What needs to be done. Go through the following data and transcribe exactly the stretch of lines from the one holding "section \<open>Strips, boxes" to the one holding "A = (\<Sum>i<N.", both included.
*** Provided records Section Begins ***
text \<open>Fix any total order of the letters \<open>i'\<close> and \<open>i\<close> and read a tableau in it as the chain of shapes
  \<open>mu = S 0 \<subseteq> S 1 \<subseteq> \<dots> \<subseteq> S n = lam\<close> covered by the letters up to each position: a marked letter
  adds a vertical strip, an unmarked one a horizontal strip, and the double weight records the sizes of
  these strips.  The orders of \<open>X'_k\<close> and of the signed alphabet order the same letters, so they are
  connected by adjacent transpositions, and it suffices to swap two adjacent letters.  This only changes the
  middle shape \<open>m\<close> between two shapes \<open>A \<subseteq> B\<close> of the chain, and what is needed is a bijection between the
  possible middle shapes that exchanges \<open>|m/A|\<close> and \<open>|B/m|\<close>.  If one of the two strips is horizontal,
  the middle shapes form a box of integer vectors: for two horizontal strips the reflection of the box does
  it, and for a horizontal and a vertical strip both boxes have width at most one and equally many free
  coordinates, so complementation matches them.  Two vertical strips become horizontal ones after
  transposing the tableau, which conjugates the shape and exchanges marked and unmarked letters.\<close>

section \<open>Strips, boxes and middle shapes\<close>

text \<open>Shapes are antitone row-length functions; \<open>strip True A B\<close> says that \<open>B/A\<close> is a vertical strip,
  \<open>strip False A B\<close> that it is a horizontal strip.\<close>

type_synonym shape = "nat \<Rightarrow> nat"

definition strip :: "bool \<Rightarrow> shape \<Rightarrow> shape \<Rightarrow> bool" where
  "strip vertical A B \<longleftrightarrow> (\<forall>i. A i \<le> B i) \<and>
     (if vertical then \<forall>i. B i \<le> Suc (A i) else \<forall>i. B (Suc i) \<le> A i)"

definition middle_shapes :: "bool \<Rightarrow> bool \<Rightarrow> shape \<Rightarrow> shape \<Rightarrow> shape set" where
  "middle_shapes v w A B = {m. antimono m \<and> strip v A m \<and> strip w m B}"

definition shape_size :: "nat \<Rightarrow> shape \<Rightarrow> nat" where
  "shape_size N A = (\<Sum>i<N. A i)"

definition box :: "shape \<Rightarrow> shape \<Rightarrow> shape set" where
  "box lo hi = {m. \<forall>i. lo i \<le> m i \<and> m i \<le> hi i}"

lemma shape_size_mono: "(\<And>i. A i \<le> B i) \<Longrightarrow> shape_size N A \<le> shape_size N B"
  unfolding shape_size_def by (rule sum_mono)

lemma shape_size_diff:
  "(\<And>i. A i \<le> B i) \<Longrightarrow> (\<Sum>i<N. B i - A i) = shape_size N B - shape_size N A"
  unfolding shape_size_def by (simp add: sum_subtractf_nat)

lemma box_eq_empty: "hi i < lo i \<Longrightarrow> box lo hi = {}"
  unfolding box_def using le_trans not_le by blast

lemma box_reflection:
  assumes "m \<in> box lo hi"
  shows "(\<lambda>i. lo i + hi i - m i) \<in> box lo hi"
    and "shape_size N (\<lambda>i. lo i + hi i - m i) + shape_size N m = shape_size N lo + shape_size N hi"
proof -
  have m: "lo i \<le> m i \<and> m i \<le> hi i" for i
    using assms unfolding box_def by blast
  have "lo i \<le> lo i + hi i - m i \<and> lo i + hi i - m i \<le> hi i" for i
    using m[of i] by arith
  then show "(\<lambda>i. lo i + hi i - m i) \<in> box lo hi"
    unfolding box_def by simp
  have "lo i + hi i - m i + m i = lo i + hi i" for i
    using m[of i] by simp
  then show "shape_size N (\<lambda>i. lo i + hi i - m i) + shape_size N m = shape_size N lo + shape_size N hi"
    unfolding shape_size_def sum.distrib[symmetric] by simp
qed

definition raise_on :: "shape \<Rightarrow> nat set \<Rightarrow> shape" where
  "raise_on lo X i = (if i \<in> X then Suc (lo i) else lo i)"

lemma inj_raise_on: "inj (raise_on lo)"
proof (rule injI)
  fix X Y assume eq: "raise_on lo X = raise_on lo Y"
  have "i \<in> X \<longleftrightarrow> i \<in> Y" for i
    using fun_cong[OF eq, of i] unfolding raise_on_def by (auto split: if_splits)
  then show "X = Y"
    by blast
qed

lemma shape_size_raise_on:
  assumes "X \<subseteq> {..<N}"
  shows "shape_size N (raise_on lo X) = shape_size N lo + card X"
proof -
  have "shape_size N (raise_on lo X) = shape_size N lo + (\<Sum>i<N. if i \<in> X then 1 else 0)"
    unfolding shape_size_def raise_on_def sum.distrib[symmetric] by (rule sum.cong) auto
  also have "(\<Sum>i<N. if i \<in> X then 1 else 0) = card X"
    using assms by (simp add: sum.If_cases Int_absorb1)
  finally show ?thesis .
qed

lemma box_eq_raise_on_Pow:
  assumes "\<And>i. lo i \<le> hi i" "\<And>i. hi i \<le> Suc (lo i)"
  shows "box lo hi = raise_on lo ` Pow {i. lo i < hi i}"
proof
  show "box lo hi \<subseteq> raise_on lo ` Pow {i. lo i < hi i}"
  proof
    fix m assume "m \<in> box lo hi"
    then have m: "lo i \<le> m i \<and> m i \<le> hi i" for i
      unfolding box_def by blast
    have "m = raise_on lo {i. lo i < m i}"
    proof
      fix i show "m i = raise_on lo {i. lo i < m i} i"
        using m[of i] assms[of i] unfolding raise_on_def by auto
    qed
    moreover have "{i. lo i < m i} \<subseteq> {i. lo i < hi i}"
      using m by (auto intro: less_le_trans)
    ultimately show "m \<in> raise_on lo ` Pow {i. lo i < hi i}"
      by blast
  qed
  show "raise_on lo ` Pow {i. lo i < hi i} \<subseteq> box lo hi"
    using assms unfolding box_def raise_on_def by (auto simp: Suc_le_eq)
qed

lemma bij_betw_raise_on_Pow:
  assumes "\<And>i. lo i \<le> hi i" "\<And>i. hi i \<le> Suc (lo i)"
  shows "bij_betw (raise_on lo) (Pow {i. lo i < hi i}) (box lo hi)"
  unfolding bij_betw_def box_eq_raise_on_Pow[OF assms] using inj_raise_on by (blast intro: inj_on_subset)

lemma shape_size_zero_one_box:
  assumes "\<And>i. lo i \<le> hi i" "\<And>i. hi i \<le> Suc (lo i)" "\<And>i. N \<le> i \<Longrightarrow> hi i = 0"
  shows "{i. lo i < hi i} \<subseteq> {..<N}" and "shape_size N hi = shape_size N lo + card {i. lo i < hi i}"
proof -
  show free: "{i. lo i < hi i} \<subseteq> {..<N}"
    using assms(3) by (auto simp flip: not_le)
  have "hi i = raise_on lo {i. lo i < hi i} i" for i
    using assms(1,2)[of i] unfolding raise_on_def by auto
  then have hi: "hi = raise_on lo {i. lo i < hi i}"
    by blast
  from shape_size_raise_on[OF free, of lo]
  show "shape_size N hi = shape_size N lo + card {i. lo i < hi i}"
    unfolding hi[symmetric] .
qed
*** Provided records Section Ends ***
Result of the task.
section \<open>Strips, boxes and middle shapes\<close>

text \<open>Shapes are antitone row-length functions; \<open>strip True A B\<close> says that \<open>B/A\<close> is a vertical strip,
  \<open>strip False A B\<close> that it is a horizontal strip.\<close>

type_synonym shape = "nat \<Rightarrow> nat"

definition strip :: "bool \<Rightarrow> shape \<Rightarrow> shape \<Rightarrow> bool" where
  "strip vertical A B \<longleftrightarrow> (\<forall>i. A i \<le> B i) \<and>
     (if vertical then \<forall>i. B i \<le> Suc (A i) else \<forall>i. B (Suc i) \<le> A i)"

definition middle_shapes :: "bool \<Rightarrow> bool \<Rightarrow> shape \<Rightarrow> shape \<Rightarrow> shape set" where
  "middle_shapes v w A B = {m. antimono m \<and> strip v A m \<and> strip w m B}"

definition shape_size :: "nat \<Rightarrow> shape \<Rightarrow> nat" where
  "shape_size N A = (\<Sum>i<N. A i)"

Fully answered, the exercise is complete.